# WORK ORDER
When the string "imports" is part of a line below, that line should be copied.

# DATA FOR THIS TASK
----

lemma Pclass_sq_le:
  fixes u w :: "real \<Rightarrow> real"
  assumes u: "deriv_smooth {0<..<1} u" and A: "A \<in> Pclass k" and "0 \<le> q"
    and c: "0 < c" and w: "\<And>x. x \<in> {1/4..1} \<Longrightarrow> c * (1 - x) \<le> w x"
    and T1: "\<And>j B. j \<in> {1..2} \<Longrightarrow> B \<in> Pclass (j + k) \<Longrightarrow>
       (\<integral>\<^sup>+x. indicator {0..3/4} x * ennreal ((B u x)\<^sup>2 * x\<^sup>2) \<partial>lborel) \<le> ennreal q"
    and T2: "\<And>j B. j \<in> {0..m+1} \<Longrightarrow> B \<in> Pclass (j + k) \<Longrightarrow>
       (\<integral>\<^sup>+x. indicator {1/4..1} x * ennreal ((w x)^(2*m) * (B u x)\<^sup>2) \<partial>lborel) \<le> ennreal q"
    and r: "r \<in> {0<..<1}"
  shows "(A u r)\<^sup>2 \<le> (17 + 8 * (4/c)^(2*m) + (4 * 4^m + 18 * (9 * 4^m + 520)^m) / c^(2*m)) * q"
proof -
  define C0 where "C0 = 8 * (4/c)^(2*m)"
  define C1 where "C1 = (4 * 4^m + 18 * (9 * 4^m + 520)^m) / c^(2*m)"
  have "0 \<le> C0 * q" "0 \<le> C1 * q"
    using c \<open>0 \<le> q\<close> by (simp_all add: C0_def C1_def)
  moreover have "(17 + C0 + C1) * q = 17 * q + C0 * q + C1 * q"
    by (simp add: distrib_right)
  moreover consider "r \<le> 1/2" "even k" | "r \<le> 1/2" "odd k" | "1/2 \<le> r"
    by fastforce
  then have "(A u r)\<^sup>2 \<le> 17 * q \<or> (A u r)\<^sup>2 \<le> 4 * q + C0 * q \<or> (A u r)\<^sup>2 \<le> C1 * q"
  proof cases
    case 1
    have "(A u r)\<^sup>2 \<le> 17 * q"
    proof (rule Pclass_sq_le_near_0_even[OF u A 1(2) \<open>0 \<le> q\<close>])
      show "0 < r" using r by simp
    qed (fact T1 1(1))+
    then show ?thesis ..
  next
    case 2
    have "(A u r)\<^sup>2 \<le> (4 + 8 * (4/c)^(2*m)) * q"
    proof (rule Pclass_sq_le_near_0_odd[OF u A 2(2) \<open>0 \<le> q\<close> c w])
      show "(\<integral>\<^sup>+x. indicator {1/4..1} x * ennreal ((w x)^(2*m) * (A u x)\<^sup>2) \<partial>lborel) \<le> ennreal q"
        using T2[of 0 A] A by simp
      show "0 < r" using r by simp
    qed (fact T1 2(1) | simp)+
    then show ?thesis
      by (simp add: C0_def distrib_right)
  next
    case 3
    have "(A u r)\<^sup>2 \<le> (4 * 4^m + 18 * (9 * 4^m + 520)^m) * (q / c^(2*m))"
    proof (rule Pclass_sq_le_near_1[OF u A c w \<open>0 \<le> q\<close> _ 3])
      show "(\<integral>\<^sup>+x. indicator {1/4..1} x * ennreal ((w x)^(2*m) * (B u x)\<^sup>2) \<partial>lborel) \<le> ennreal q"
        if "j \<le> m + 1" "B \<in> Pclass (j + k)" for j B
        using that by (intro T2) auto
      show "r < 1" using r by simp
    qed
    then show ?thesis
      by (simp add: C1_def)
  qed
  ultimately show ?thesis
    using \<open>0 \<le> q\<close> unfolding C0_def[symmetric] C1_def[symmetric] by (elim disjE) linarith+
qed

----

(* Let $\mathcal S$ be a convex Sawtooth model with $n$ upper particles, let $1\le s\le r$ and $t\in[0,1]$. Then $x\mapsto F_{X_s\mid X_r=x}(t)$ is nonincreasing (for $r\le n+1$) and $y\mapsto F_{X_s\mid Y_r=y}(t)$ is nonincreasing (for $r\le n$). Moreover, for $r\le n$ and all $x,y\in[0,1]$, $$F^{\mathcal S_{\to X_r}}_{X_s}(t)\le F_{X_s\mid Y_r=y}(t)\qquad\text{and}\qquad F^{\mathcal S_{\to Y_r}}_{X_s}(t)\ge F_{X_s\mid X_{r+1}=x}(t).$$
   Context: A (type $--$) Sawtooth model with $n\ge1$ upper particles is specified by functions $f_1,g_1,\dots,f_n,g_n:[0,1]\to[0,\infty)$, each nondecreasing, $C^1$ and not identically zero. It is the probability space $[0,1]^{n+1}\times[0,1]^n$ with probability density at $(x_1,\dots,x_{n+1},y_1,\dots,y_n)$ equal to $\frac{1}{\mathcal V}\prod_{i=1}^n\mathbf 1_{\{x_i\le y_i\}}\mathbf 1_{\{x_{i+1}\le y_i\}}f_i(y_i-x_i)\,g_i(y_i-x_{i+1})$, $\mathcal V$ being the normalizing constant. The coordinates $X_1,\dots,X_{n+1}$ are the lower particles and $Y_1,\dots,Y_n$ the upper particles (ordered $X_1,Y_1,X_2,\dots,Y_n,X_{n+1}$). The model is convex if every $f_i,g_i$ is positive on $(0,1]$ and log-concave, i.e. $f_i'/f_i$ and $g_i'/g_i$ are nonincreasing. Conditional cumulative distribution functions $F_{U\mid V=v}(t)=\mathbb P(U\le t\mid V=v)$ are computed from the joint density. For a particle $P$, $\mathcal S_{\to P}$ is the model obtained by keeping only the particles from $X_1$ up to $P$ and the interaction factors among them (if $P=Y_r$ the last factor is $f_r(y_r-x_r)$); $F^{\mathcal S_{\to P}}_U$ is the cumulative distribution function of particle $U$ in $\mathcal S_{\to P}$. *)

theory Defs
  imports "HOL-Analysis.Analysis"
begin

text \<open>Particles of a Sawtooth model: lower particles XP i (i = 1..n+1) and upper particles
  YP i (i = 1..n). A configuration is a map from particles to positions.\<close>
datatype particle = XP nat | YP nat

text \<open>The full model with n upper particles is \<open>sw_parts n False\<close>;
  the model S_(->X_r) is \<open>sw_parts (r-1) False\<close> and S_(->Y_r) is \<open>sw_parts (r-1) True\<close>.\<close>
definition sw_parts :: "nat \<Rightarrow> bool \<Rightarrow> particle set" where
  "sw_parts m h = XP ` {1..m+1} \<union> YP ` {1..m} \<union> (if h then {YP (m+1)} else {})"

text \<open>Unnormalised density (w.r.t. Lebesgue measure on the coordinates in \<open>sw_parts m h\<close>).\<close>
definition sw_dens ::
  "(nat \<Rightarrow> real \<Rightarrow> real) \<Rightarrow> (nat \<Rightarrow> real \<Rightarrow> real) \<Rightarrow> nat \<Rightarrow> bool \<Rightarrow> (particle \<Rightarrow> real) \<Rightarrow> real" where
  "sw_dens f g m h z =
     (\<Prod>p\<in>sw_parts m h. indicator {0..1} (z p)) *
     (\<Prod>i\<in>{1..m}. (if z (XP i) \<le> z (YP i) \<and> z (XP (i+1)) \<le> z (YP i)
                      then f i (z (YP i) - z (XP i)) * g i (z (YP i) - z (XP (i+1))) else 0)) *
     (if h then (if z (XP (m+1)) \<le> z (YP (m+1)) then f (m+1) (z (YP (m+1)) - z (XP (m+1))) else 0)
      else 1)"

----

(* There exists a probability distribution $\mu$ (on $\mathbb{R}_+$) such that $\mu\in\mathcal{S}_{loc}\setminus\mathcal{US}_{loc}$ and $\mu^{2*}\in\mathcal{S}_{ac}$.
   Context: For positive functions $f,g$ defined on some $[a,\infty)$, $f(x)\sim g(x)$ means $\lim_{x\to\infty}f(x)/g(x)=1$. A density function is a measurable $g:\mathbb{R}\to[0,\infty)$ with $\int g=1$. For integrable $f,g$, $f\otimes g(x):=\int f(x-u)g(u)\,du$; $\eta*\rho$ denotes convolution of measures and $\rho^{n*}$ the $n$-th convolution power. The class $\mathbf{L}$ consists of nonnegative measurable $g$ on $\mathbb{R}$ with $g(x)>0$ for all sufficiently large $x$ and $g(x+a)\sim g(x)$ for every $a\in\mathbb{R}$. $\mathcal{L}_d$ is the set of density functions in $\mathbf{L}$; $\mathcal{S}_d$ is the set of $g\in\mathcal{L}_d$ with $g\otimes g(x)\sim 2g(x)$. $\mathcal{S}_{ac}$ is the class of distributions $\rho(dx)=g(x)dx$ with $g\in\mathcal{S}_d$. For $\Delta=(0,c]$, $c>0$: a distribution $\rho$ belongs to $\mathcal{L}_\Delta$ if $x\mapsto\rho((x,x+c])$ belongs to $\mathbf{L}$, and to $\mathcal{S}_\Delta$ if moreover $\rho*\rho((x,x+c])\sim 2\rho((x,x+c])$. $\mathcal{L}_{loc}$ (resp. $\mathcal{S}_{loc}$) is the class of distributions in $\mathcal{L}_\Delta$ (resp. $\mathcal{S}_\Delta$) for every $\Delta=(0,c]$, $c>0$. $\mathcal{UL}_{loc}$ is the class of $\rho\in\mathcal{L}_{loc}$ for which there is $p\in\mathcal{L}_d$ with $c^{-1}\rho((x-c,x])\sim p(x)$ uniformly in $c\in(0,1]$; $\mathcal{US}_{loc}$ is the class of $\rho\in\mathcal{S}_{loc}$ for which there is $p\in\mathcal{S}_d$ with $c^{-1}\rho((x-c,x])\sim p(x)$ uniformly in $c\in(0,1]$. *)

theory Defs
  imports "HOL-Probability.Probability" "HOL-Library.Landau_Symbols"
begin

----

# ANSWER TO THIS PROBLEM
  imports "HOL-Analysis.Analysis"
  imports "HOL-Probability.Probability" "HOL-Library.Landau_Symbols"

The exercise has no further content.